Your answer is the lines below, exactly, from the one that contains "rtranclp_lift) (rule lift)" through the one that contains "(edges_not_containing E A)", both included.

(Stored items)
☆ ☆ ☆ ☆ ☆

lemma connected_on_exchanged:
  assumes conn: "connected_on e (adj T)" and cond: "(u \<in> e \<and> v \<in> e) \<or> \<not> (x \<in> e \<and> y \<in> e)"
  shows "connected_on e (adj exchanged)"
proof -
  let ?R = "restrict_rel e (adj exchanged)"
  have lift: "?R\<^sup>*\<^sup>* c d" if "restrict_rel e (adj T) c d" for c d
  proof (cases "{c,d} = {x,y}")
    case True
    then have "c \<in> e" "d \<in> e" "x \<in> e" "y \<in> e"
      using that unfolding restrict_rel_def by (auto simp: doubleton_eq_iff)
    then have "?R\<^sup>*\<^sup>* x y" using exchanged_joins_x_y[OF conn] cond by blast
    moreover from this have "?R\<^sup>*\<^sup>* y x" by (rule sympD[OF symp_rtranclp[OF symp_restrict_rel_adj]])
    moreover have "c = x \<and> d = y \<or> c = y \<and> d = x" using True by (auto simp: doubleton_eq_iff)
    ultimately show ?thesis by blast
  next
    case False
    then have "?R c d" using that unfolding restrict_rel_def adj_def by auto
    then show ?thesis by (rule r_into_rtranclp)
  qed
  show ?thesis unfolding connected_on_iff
  proof (intro ballI)
    fix a b assume "a \<in> e" "b \<in> e"
    then have "(restrict_rel e (adj T))\<^sup>*\<^sup>* a b" using conn unfolding connected_on_iff by blast
    then show "?R\<^sup>*\<^sup>* a b" by (rule rtranclp_lift) (rule lift)
  qed
qed

end

lemma same_component_if_edge_not_containing:
  assumes "e \<in> E" and "e \<subseteq> V" and "\<not> A \<subseteq> e" and "a \<in> e" and "b \<in> e" and "a \<noteq> b"
  shows "same_component V (edges_not_containing E A) a b"
  using assms unfolding same_component_def two_section_adj_def edges_not_containing_def
  by (intro r_into_rtranclp) blast

lemma separated_if_host_tree_edge:
  assumes host: "host_tree V E T" and uv: "{u, v} \<in> T" "u \<noteq> v"
  shows "\<not> same_component V (edges_not_containing E (I_H V E {u, v})) u v"
proof
  let ?P = "reach (T - {{u,v}}) u"
  assume "same_component V (edges_not_containing E (I_H V E {u, v})) u v"
  moreover have "\<not> ?P v"
    using acyclic_edge_separates[OF _ uv] host unfolding host_tree_def is_tree_def by blast
  ultimately obtain a b where "?P a" "\<not> ?P b"
    and "two_section_adj (edges_not_containing E (I_H V E {u, v})) a b"
    using rtranclp_crossing_step[of _ u v ?P] unfolding same_component_def by blast
  then obtain e where e: "e \<in> E" "\<not> I_H V E {u, v} \<subseteq> e" "a \<in> e" "b \<in> e"
    unfolding two_section_adj_def edges_not_containing_def by blast
  have "(restrict_rel e (adj T))\<^sup>*\<^sup>* a b"
    using host e(1,3,4) unfolding host_tree_def connected_on_iff by blast
  then have "u \<in> e \<and> v \<in> e" using \<open>?P a\<close> \<open>\<not> ?P b\<close> by (rule separating_edge_within)
  then have "I_H V E {u, v} \<subseteq> e" using e(1) unfolding I_H_def by auto
  with e(2) show False by contradiction
qed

☆ ☆ ☆ ☆ ☆

Answer section:
    then show "?R\<^sup>*\<^sup>* a b" by (rule rtranclp_lift) (rule lift)
  qed
qed

end

lemma same_component_if_edge_not_containing:
  assumes "e \<in> E" and "e \<subseteq> V" and "\<not> A \<subseteq> e" and "a \<in> e" and "b \<in> e" and "a \<noteq> b"
  shows "same_component V (edges_not_containing E A) a b"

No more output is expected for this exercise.